Марина всегда просила привезти ей что-нибудь модное, вот и приходилось, бывая в командировках, изрядно помотаться, применяя всю свою изобретательность, чтобы достать то, что она требовала. А тут такая пустяковая просьба: необработанная, пыльная верблюжья шерсть, которая и стоит-то копейки, и достать ее не представляло никакого труда…
Любил ли он Марину? Все, в том числе и она, считали, что любил. Сам же Виталий вряд ли смог бы ответить на этот вопрос. Скорее всего, любви настоящей пока что не было, но увлекся он девушкой «капитально». В этом, пожалуй, тоже проявилось его болезненное самолюбие: хотелось иметь все лучшее, даже девушку, возбуждать у других пусть небольшую, но зависть. Когда Виталий шел с Мариной по улице, все пижоны оглядывались, когда она появлялась в Доме кино и на виду у всех направлялась к нему — рыжеволосая, голубоглазая красавица в бирюзовом брючном костюме, туго облегавшем ее точеную фигурку, — сердце его наполнялось сладкой сытостью тщеславия.
Она, как и почти все красавицы, не блистала особым умом, но, вопреки сложившемуся мнению о красивых женщинах, была добра и простодушна, бескорыстна и по-детски непосредственна. На студию в монтажный цех Марина пришла после десятилетки, тут же и познакомилась с Жолудом. Виталий был у нее первым, кого она полюбила, испорченность «студийной мишуры» еще не коснулась ее, разве только в отношении страстного поклонения моде, падкости на экзотические тряпки, но он не считал это пороком, сам все это любил и был даже рад, что у нее так мгновенно выработался вкус ко всему «суперсовременному», броскому.
Он ревновал ее, когда ей приходилось работать на студии в ночную смену с молодыми, но уже известными режиссерами, когда бывал в командировках, а особенно когда уезжала на съемки она. Вспомнив об этом, Жолуд и сейчас ощутил в груди терпкий холодок тоски. Просил же он Коберского взять ее в группу, но у Аникея Владимировича свои монтажницы, он в этом отношении консервативно постоянен.

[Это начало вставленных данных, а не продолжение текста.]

(* Let $\pi\in\mathcal{S}_n$, let $s$ be the position with $\pi_s=1$, let $\mathsf{D}(\pi)=\{i\in\{1,\dots,n-1\}:\pi_i>\pi_{i+1}\}$ be the descent set of $\pi$ and $d=|\mathsf{D}(\pi)|$. Then $\pi$ avoids each of the patterns $1243$, $2143$ and $231$ if and only if one of the following holds: (i) $s>d$ and $\mathsf{D}(\pi)=\{1,2,\dots,d\}$; (ii) $s\le d$, $\mathsf{D}(\pi)=\{1,2,\dots,s-1,s+1,s+2,\dots,d+1\}$, and $\pi_{s-1}>\pi_{s+1}$ if $1<s<n$.
   Context: A permutation $\pi\in\mathcal{S}_n$ avoids $\tau\in\mathcal{S}_k$ if there are no indices $i_1<\dots<i_k$ with $\pi_{i_1}\cdots\pi_{i_k}$ in the same relative order as $\tau_1\cdots\tau_k$. *)

theory Defs
  imports Main
begin

text \<open>A permutation of [n] is represented as a list p of length n with p ! (i-1) = pi_i.\<close>
definition is_perm :: "nat \<Rightarrow> nat list \<Rightarrow> bool" where
  "is_perm n p \<longleftrightarrow> length p = n \<and> distinct p \<and> set p = {1..n}"

definition contains :: "nat list \<Rightarrow> nat list \<Rightarrow> bool" where
  "contains p tau \<longleftrightarrow> (\<exists>idx. length idx = length tau \<and> sorted_wrt (<) idx
      \<and> (\<forall>j \<in> set idx. j < length p)
      \<and> (\<forall>a < length tau. \<forall>b < length tau.
            (p ! (idx ! a) < p ! (idx ! b)) \<longleftrightarrow> (tau ! a < tau ! b)))"

definition avoids :: "nat list \<Rightarrow> nat list \<Rightarrow> bool" where
  "avoids p tau \<longleftrightarrow> \<not> contains p tau"

definition descents :: "nat list \<Rightarrow> nat set" where
  "descents p = {i \<in> {1..length p - 1}. p ! (i - 1) > p ! i}"

end

theory Submission
  imports Defs
begin

text \<open>Let t = s - 1 be the 0-based position of the entry 1 and, unless t is the last position,
  let m be the position of the smallest entry to the right of t. Avoiding 231 forces p to decrease
  up to t and again on (t, m]: an ascent followed by a smaller entry is a 231. Avoiding 1243 forces
  p to increase from m on, since 1, p_m and a later descent form a 1243. Avoiding 231 and 2143
  together forces p_{t+1} < p_{t-1}. Conversely every permutation of this shape avoids the three
  patterns. Its descent set is {1..t} \<union> {t+2..m}, and the cases m \<le> t + 1 and m \<ge> t + 2
  are the two alternatives of the statement.\<close>

lemma contains_1243_iff:
  "contains p [1,2,4,3] \<longleftrightarrow>
    (\<exists>i j k l. i < j \<and> j < k \<and> k < l \<and> l < length p \<and> p!i < p!j \<and> p!j < p!l \<and> p!l < p!k)"
  unfolding contains_def
  apply (intro iffI; elim exE conjE)
   apply (clarsimp simp: length_Suc_conv numeral_eq_Suc All_less_Suc, blast)
  subgoal for i j k l by (intro exI[of _ "[i,j,k,l]"]) (simp add: numeral_eq_Suc All_less_Suc)
  done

Даже один из первых рассказов Жолуда был о ней и о себе, о том, как молодой «киношный супермен» встретил растерявшуюся, заблудившуюся в многочисленных коридорах и переходах студии девчонку, как тут же назначил ей свидание и как это случайное знакомство переросло в большую любовь. Однако два журнала, куда Жолуд посылал рассказ, вернули его, похвалив, но не напечатав…

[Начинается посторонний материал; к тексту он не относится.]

text \<open>Discretising the values into
  intervals of length \<open>\<epsilon>\<close> reduces it to finitely many colours.\<close>

lemma ramsey_approximately_constant:
  fixes c :: "'j \<Rightarrow> 'a set \<Rightarrow> real"
  assumes J: "finite J" and Z: "infinite Z" and \<epsilon>: "\<epsilon> > 0"
    and bounded: "\<And>j S. j \<in> J \<Longrightarrow> S \<subseteq> Z \<Longrightarrow> finite S \<Longrightarrow> card S = r \<Longrightarrow> \<bar>c j S\<bar> \<le> M j"
  shows "\<exists>Y\<subseteq>Z. infinite Y \<and> (\<forall>j\<in>J. \<forall>S1 S2. S1 \<subseteq> Y \<and> finite S1 \<and> card S1 = r \<and>
           S2 \<subseteq> Y \<and> finite S2 \<and> card S2 = r \<longrightarrow> \<bar>c j S1 - c j S2\<bar> < \<epsilon>)"
proof -
  define level where "level j S = \<lfloor>(c j S + M j) / \<epsilon>\<rfloor>" for j S
  have level_range: "0 \<le> level j S \<and> level j S \<le> \<lfloor>2 * M j / \<epsilon>\<rfloor>"
    if "j \<in> J" "S \<subseteq> Z" "finite S" "card S = r" for j S
  proof -
    have "0 \<le> (c j S + M j) / \<epsilon>" "(c j S + M j) / \<epsilon> \<le> 2 * M j / \<epsilon>"
      using bounded[OF that] \<epsilon> by (simp_all add: divide_right_mono)
    then show ?thesis unfolding level_def by (simp add: floor_mono)
  qed
  have bound: "nat (level j S) < nat \<lfloor>2 * M j / \<epsilon>\<rfloor> + 1"
    if "j \<in> J" "S \<subseteq> Z" "finite S" "card S = r" for j S
    using level_range[OF that] nat_mono by (simp add: le_imp_less_Suc)
  obtain Y where Y: "Y \<subseteq> Z" "infinite Y"
      "\<forall>j\<in>J. \<exists>t. \<forall>S. S \<subseteq> Y \<and> finite S \<and> card S = r \<longrightarrow> nat (level j S) = t"
    using ramsey_simultaneous[OF J Z, where col = "\<lambda>j S. nat (level j S)"
        and s = "\<lambda>j. nat \<lfloor>2 * M j / \<epsilon>\<rfloor> + 1", OF bound] by blast
  have "\<bar>c j S1 - c j S2\<bar> < \<epsilon>"
    if j: "j \<in> J" and S: "S1 \<subseteq> Y" "finite S1" "card S1 = r" "S2 \<subseteq> Y" "finite S2" "card S2 = r"
    for j S1 S2
  proof -
    have "S1 \<subseteq> Z" "S2 \<subseteq> Z" using S Y(1) by auto
    then have nonneg: "0 \<le> level j S1" "0 \<le> level j S2"
      using level_range[OF j] S by blast+
    obtain t where "\<forall>S. S \<subseteq> Y \<and> finite S \<and> card S = r \<longrightarrow> nat (level j S) = t"
      using Y(3) j by blast
    then have "nat (level j S1) = nat (level j S2)" using S by simp
    with nonneg have "level j S1 = level j S2" by (metis eq_nat_nat_iff)
    then have "\<bar>(c j S1 + M j) / \<epsilon> - (c j S2 + M j) / \<epsilon>\<bar> < 1"
      unfolding level_def by (rule floor_eq_imp_dist_less_one)
    then show ?thesis using \<epsilon> by (simp add: diff_divide_distrib[symmetric] abs_divide)
  qed
  then show ?thesis using Y(1,2) by blast
qed

lemma continuous_real_bounded:
  assumes "compact_space X" "continuous_map X euclideanreal f"
  shows "\<exists>M. \<forall>y\<in>topspace X. \<bar>f y\<bar> \<le> M"
proof -
  have "compactin euclideanreal (f ` topspace X)"
    using assms image_compactin compact_space_def by blast
  then have "bounded (f ` topspace X)" by (simp add: compact_imp_bounded)
  then show ?thesis by (auto simp: bounded_real)
qed

lemma AutQ_value_determined_by_image:
  assumes act: "continuous_action AutQ X a"
    and small: "\<forall>k\<in>AutQ. (\<forall>q\<in>F. k q = q) \<longrightarrow> (\<forall>y\<in>topspace X. \<bar>f (a k y) - f y\<bar> < \<epsilon>)"
    and F: "finite F" and u: "u1 \<in> AutQ" "u2 \<in> AutQ" "u1 ` F = u2 ` F"
    and x0: "x0 \<in> topspace X"
  shows "\<bar>f (a (inv u1) x0) - f (a (inv u2) x0)\<bar> < \<epsilon>"
proof -
  define k where "k = inv u1 \<circ> u2"
  have k: "k \<in> AutQ" using u by (simp add: k_def AutQ_comp AutQ_inv)
  have "k ` F = inv u1 ` u1 ` F" using u(3) by (simp add: k_def image_comp)
  also have "\<dots> = F" using AutQ_bij[OF u(1)] by (simp add: bij_is_inj image_inv_f_f)
  finally have k_fixes: "\<forall>q\<in>F. k q = q" using AutQ_setwise_imp_pointwise[OF k F] by blast
  have "inv u1 = k \<circ> inv u2"
    using AutQ_bij[OF u(2)] by (simp add: k_def fun_eq_iff bij_is_surj surj_f_inv_f)
  then have "a (inv u1) x0 = a k (a (inv u2) x0)"
    using action_comp[OF AutQ_Sinf act k AutQ_inv[OF u(2)] x0] by simp
  then show ?thesis
    using small k k_fixes action_in[OF AutQ_Sinf act AutQ_inv[OF u(2)] x0] by simp
qed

А в компаниях, в том кругу, где постоянно вращался Жолуд, его произведения нравились. Приятели, как и он сам, верили, что придет время — и его рассказы, сценарии увидят свет. Во всяком случае, Жолуд со временем станет позначительнее Мережко, напишет что-нибудь такое, что сделает его знаменитым. Уж очень не хотелось ему быть серым, обыкновенным…
Машина остановилась. Саид привычно доложил:
— Начальник, приехали.
В кафе была страшная духота, приторно пахло нагретыми дигами. Массовка сидела на своих местах. Коберский и Савостин стояли рядом и что-то негромко обсуждали.

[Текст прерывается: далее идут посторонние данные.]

lemma xk_add_box:
  fixes k :: int
  assumes n: "0 < n" and i: "1 \<le> i" "i \<le> n"
    and lam: "lam \<in> partsX n m"
    and mu: "lam(n + 1 - i := Suc (lam (n + 1 - i))) \<in> partsX n m"
  defines "r \<equiv> n + 1 - i"
  defines "\<beta> \<equiv> (nu_idx n (- k) i, Suc (lam r))"
  shows "xk n m lam k \<in> Piplus \<beta>"
    and "xk n m (lam(r := Suc (lam r))) k = tauplus n m \<beta> (xk n m lam k)"
proof -
  define b where "b = nu_idx n (- k) i"
  have r: "1 \<le> r" "r \<le> n" "n + 1 - r = i"
    using i by (auto simp: r_def)
  have b: "1 \<le> b" "b \<le> n" "nu_idx n k b = i"
    using nu_idx_bounds[OF n] nu_idx_inverse[OF n i] by (auto simp: b_def)
  have j: "Suc (lam r) \<le> m"
    using partsX_le[OF mu, of r] by (simp add: r_def)
  have conj_j: "conj_part n lam (Suc (lam r)) = n - i"
    using conj_part_outer_corner[OF lam mu[folded r_def] r(1,2)] by (simp add: r_def)
  show "xk n m lam k \<in> Piplus \<beta>"
    using b r j i conj_j
    by (simp add: Piplus_def \<beta>_def b_def[symmetric] r_def fst_xk snd_xk xvec_def of_nat_diff
        algebra_simps)
  have other: "nu_idx n k p \<noteq> i" if "1 \<le> p" "p \<le> n" "p \<noteq> b" for p
    using that nu_idx_inverse[OF n that(1,2), of "- k"] by (auto simp: b_def)
  have "fst (xk n m (lam(r := Suc (lam r))) k) p
          = ((fst (xk n m lam k))(b := fst (xk n m lam k) b + int n)) p" for p
  proof (cases "1 \<le> p \<and> p \<le> n")
    case True
    have "n + 1 - nu_idx n k p \<noteq> r" if "p \<noteq> b"
      using other[OF _ _ that] True nu_idx_bounds[OF n, of k p] r by auto
    then show ?thesis
      using True b r by (auto simp: fst_xk xvec_def algebra_simps)
  next
    case False
    then have "p \<noteq> b"
      using b by auto
    with False show ?thesis
      by (auto simp: fst_xk)
  qed
  moreover have "snd (xk n m (lam(r := Suc (lam r))) k) q
          = ((snd (xk n m lam k))(Suc (lam r) := snd (xk n m lam k) (Suc (lam r)) + int m)) q" for q
    using j by (auto simp: snd_xk xvec_def conj_part_fun_upd_Suc[OF r(1,2)] algebra_simps)
  ultimately show "xk n m (lam(r := Suc (lam r))) k = tauplus n m \<beta> (xk n m lam k)"
    by (simp add: tauplus_def \<beta>_def b_def[symmetric] prod_eq_iff fun_eq_iff)
qed

lemma xk_tplus:
  fixes k :: int
  assumes n: "0 < n" and i: "1 \<le> i" "i \<le> n" and X: "lam \<in> Xplus n m (i, j)"
  shows "xk n m lam k \<in> Piplus (nu_idx n (- k) i, j)"
    and "xk n m (tplus n m (i, j) lam) k = tauplus n m (nu_idx n (- k) i, j) (xk n m lam k)"
proof -
  have lam: "lam \<in> partsX n m" and new: "(i, j) \<notin> diagram n lam"
    using X by (auto simp: Xplus_def)
  note mu = Xplus_tplus[OF X]
  note box = diagram_insert_box[OF lam mu(1) new mu(2) i]
  have t: "tplus n m (i, j) lam = lam(n + 1 - i := Suc (lam (n + 1 - i)))"
    using box by simp
  with mu(1) have "lam(n + 1 - i := Suc (lam (n + 1 - i))) \<in> partsX n m"
    by simp
  from xk_add_box[OF n i lam this, of k]
  show "xk n m lam k \<in> Piplus (nu_idx n (- k) i, j)"
    and "xk n m (tplus n m (i, j) lam) k = tauplus n m (nu_idx n (- k) i, j) (xk n m lam k)"
    unfolding t box(1)[symmetric] by simp_all
qed

lemma tauplus_mem_Piminus: "x \<in> Piplus \<gamma> \<Longrightarrow> tauplus n m \<gamma> x \<in> Piminus n m \<gamma>"
  by (simp add: Piplus_def Piminus_def tauplus_def)

lemma tauminus_tauplus: "tauminus n m \<gamma> (tauplus n m \<gamma> x) = x"
  by (simp add: tauplus_def tauminus_def)

theorem lemma4p13:
  fixes n m i j :: nat and k :: int and lam :: "nat \<Rightarrow> nat"
  assumes "0 < n" and "n < m" and "coprime m n"
    and "1 \<le> i" and "i \<le> n" and "1 \<le> j" and "j \<le> m"
  defines "\<beta> \<equiv> (nu_idx n (- k) i, j)"
  shows "(lam \<in> Xplus n m (i, j) \<longrightarrow>
            xk n m lam k \<in> Piplus \<beta> \<and>
            xk n m (tplus n m (i, j) lam) k = tauplus n m \<beta> (xk n m lam k))
       \<and> (lam \<in> Xminus n m (i, j) \<longrightarrow>
            xk n m lam k \<in> Piminus n m \<beta> \<and>
            xk n m (tminus n m (i, j) lam) k = tauminus n m \<beta> (xk n m lam k))"
proof (intro conjI impI)
  assume "lam \<in> Xplus n m (i, j)"
  then show "xk n m lam k \<in> Piplus \<beta>"
    and "xk n m (tplus n m (i, j) lam) k = tauplus n m \<beta> (xk n m lam k)"
    unfolding \<beta>_def using xk_tplus assms(1,4,5) by blast+
next
  assume X: "lam \<in> Xminus n m (i, j)"
  let ?mu = "tminus n m (i, j) lam"
  have on_hyperplane: "xk n m ?mu k \<in> Piplus \<beta>"
    and shift: "xk n m lam k = tauplus n m \<beta> (xk n m ?mu k)"
    using xk_tplus[OF assms(1,4,5) tminus_Xplus(1)[OF X], of k]
    unfolding tminus_Xplus(2)[OF X] \<beta>_def by simp_all
  show "xk n m lam k \<in> Piminus n m \<beta>"
    unfolding shift by (rule tauplus_mem_Piminus[OF on_hyperplane])
  show "xk n m ?mu k = tauminus n m \<beta> (xk n m lam k)"
    unfolding shift by (rule tauminus_tauplus[symmetric])
qed

end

— Зря мотался, — сказал Савостин Жолуду, кивнув на «дипломат», — уже обошлись без него.
Коберский едва сдерживал радостное волнение:
— Тут по ходу одна сценка придумалась. С автором и куратором мы утрясем потом, думаю, они не будут возражать… Короче, вводим официанта, нужен актер. Срочно, немедленно, понял?
— Понял, — выдохнул Жолуд.
— Тогда сейчас же мотнись в театр или куда угодно, только срочно, понял?
Жолуд понял, какой актер требуется и что нужно для того, чтобы привести его в кафе.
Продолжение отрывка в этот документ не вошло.